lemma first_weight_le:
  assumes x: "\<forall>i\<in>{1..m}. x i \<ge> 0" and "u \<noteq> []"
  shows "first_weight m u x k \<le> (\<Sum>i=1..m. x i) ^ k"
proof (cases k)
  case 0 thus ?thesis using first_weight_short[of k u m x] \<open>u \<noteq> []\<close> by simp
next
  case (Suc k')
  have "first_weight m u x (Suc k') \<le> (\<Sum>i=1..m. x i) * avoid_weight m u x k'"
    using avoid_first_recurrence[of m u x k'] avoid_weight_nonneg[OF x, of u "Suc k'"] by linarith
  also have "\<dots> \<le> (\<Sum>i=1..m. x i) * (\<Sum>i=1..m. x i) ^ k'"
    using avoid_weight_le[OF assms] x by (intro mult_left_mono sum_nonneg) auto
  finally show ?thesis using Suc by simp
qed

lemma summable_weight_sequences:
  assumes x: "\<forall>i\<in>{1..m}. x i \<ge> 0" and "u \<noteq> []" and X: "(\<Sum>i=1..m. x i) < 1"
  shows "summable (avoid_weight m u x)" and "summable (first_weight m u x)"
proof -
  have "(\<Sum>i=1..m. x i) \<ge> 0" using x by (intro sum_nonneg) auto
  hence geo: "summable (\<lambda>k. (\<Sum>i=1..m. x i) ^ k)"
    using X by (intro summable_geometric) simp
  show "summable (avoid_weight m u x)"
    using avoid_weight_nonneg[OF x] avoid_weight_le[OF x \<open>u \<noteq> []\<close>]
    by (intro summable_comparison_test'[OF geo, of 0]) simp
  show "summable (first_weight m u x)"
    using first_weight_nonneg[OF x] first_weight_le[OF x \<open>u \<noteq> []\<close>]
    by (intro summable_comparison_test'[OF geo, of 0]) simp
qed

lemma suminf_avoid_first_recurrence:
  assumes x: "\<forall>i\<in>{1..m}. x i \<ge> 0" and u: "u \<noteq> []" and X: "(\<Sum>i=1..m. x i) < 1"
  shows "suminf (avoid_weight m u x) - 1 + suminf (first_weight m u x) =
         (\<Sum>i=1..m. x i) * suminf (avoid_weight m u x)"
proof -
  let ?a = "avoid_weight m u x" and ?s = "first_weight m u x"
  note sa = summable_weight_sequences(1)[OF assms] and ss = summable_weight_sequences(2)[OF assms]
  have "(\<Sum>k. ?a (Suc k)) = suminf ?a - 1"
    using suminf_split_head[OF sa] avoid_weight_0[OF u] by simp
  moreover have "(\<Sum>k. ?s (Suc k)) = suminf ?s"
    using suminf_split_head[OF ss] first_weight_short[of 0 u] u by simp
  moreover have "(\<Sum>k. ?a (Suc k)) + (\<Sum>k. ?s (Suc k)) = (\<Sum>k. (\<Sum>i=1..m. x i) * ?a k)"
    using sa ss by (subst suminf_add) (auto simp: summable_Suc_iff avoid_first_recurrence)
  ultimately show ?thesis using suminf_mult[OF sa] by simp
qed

==========

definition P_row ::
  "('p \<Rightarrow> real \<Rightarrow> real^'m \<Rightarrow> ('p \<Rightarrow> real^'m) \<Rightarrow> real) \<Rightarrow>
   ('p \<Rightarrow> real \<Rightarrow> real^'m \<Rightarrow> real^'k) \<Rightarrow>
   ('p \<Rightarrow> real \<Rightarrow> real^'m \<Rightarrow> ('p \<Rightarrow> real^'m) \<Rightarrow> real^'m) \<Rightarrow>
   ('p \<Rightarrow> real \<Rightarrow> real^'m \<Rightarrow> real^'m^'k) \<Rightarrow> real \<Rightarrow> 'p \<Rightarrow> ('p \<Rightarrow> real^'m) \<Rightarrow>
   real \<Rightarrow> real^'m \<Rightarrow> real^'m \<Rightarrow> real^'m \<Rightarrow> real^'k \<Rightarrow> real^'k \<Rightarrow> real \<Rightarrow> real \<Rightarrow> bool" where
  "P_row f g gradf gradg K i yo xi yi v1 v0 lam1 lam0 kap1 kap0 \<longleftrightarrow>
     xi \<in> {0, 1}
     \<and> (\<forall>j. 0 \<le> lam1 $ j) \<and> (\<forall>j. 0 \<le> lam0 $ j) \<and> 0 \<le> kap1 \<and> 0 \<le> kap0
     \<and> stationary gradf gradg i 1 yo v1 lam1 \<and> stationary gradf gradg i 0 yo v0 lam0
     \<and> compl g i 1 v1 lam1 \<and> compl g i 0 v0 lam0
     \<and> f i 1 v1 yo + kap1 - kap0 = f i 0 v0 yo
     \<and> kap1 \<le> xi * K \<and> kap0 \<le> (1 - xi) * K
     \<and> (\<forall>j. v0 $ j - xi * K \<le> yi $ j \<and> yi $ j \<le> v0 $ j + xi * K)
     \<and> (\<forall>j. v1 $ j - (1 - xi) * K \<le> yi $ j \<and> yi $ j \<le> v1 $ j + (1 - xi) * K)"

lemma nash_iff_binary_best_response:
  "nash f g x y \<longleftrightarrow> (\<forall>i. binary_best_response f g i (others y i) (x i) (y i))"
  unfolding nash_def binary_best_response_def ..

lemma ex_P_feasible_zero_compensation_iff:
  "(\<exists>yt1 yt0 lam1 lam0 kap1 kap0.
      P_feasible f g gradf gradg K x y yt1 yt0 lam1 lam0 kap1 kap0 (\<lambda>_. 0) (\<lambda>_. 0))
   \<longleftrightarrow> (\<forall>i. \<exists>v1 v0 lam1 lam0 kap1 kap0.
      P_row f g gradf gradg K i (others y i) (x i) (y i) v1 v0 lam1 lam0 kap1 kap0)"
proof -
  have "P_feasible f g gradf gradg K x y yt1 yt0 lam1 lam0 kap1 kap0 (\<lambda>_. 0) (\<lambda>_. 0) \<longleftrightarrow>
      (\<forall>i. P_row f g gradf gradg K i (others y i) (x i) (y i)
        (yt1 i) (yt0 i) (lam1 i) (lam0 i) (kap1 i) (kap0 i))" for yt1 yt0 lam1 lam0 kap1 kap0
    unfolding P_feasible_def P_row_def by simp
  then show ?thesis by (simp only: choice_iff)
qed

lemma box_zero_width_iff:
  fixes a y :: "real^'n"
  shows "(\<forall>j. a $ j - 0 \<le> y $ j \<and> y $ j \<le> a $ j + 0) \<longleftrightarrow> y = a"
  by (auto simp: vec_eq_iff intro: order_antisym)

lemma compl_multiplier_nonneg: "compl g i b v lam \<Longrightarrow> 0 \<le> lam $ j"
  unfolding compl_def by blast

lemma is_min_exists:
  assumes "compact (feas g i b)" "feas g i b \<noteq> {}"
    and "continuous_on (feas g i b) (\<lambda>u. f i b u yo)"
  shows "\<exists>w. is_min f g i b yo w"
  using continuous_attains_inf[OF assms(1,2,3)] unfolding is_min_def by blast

==========

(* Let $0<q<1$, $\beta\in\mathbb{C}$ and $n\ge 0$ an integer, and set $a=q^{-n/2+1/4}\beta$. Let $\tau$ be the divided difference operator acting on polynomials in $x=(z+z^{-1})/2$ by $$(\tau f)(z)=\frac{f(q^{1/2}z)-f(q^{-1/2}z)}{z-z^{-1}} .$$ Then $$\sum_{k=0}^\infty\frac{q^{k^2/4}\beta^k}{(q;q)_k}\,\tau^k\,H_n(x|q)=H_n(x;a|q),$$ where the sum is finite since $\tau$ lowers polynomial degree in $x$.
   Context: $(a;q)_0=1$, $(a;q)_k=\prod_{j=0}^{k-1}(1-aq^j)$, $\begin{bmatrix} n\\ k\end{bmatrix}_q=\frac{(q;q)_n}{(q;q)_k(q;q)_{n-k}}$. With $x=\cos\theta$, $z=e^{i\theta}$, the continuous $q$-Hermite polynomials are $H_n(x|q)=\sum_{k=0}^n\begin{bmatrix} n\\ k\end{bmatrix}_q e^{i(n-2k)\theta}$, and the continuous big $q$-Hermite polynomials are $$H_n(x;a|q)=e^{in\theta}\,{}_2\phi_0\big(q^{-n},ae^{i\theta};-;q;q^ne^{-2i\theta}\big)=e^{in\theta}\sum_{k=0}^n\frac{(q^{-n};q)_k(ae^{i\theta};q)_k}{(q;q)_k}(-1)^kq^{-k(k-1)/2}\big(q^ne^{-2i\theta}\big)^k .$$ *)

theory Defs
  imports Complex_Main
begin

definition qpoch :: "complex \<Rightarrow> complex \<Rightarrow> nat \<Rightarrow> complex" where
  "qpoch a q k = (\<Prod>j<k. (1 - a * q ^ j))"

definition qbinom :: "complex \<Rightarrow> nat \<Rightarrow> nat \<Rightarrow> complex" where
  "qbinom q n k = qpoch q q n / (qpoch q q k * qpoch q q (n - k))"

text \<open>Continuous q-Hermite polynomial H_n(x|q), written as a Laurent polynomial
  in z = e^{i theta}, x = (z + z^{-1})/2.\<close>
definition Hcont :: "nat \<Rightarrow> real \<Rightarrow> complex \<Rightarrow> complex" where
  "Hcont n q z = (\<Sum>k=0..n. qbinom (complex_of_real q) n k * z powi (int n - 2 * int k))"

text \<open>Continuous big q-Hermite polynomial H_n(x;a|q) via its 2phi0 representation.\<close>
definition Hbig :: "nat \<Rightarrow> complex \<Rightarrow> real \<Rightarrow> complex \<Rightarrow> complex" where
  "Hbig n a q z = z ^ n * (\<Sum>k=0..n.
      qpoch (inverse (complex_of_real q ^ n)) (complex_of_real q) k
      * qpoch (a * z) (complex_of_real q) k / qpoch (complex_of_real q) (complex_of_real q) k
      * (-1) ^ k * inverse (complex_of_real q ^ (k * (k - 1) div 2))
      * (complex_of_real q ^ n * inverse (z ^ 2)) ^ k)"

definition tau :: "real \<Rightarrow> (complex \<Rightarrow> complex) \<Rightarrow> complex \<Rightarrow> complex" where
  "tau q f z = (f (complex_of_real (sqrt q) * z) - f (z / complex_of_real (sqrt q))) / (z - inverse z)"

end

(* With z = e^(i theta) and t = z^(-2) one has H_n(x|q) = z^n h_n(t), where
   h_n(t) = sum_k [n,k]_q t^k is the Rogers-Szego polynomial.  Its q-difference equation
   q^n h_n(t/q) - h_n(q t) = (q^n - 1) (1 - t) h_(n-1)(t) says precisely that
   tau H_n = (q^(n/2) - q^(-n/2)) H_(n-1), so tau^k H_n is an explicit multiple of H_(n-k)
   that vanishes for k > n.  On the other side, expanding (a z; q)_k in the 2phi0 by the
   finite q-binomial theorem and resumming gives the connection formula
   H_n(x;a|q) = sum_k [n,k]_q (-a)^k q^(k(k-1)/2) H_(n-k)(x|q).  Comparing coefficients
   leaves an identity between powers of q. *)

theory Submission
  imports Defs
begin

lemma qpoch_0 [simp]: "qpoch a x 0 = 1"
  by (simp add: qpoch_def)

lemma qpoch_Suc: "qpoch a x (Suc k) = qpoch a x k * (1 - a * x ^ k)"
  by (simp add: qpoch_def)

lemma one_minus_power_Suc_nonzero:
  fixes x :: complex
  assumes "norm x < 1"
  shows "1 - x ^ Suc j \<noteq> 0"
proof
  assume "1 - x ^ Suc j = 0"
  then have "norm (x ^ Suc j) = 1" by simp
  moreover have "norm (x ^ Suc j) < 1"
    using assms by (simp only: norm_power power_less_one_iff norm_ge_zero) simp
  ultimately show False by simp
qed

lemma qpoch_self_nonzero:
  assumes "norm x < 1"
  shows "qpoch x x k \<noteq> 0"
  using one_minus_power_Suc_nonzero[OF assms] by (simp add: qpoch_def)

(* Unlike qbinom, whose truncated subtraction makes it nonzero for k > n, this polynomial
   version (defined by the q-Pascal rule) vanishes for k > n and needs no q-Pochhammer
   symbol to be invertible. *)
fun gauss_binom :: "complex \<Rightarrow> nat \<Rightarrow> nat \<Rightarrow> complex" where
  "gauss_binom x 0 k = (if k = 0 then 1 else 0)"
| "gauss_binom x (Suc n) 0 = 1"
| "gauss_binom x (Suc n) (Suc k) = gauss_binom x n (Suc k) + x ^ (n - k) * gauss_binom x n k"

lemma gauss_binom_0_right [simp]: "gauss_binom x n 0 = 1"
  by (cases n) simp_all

==========

If a line in the records above holds the string "lambda", copy it out.

OUTPUT:
  hence geo: "summable (\<lambda>k. (\<Sum>i=1..m. x i) ^ k)"
      P_feasible f g gradf gradg K x y yt1 yt0 lam1 lam0 kap1 kap0 (\<lambda>_. 0) (\<lambda>_. 0))
  have "P_feasible f g gradf gradg K x y yt1 yt0 lam1 lam0 kap1 kap0 (\<lambda>_. 0) (\<lambda>_. 0) \<longleftrightarrow>
    and "continuous_on (feas g i b) (\<lambda>u. f i b u yo)"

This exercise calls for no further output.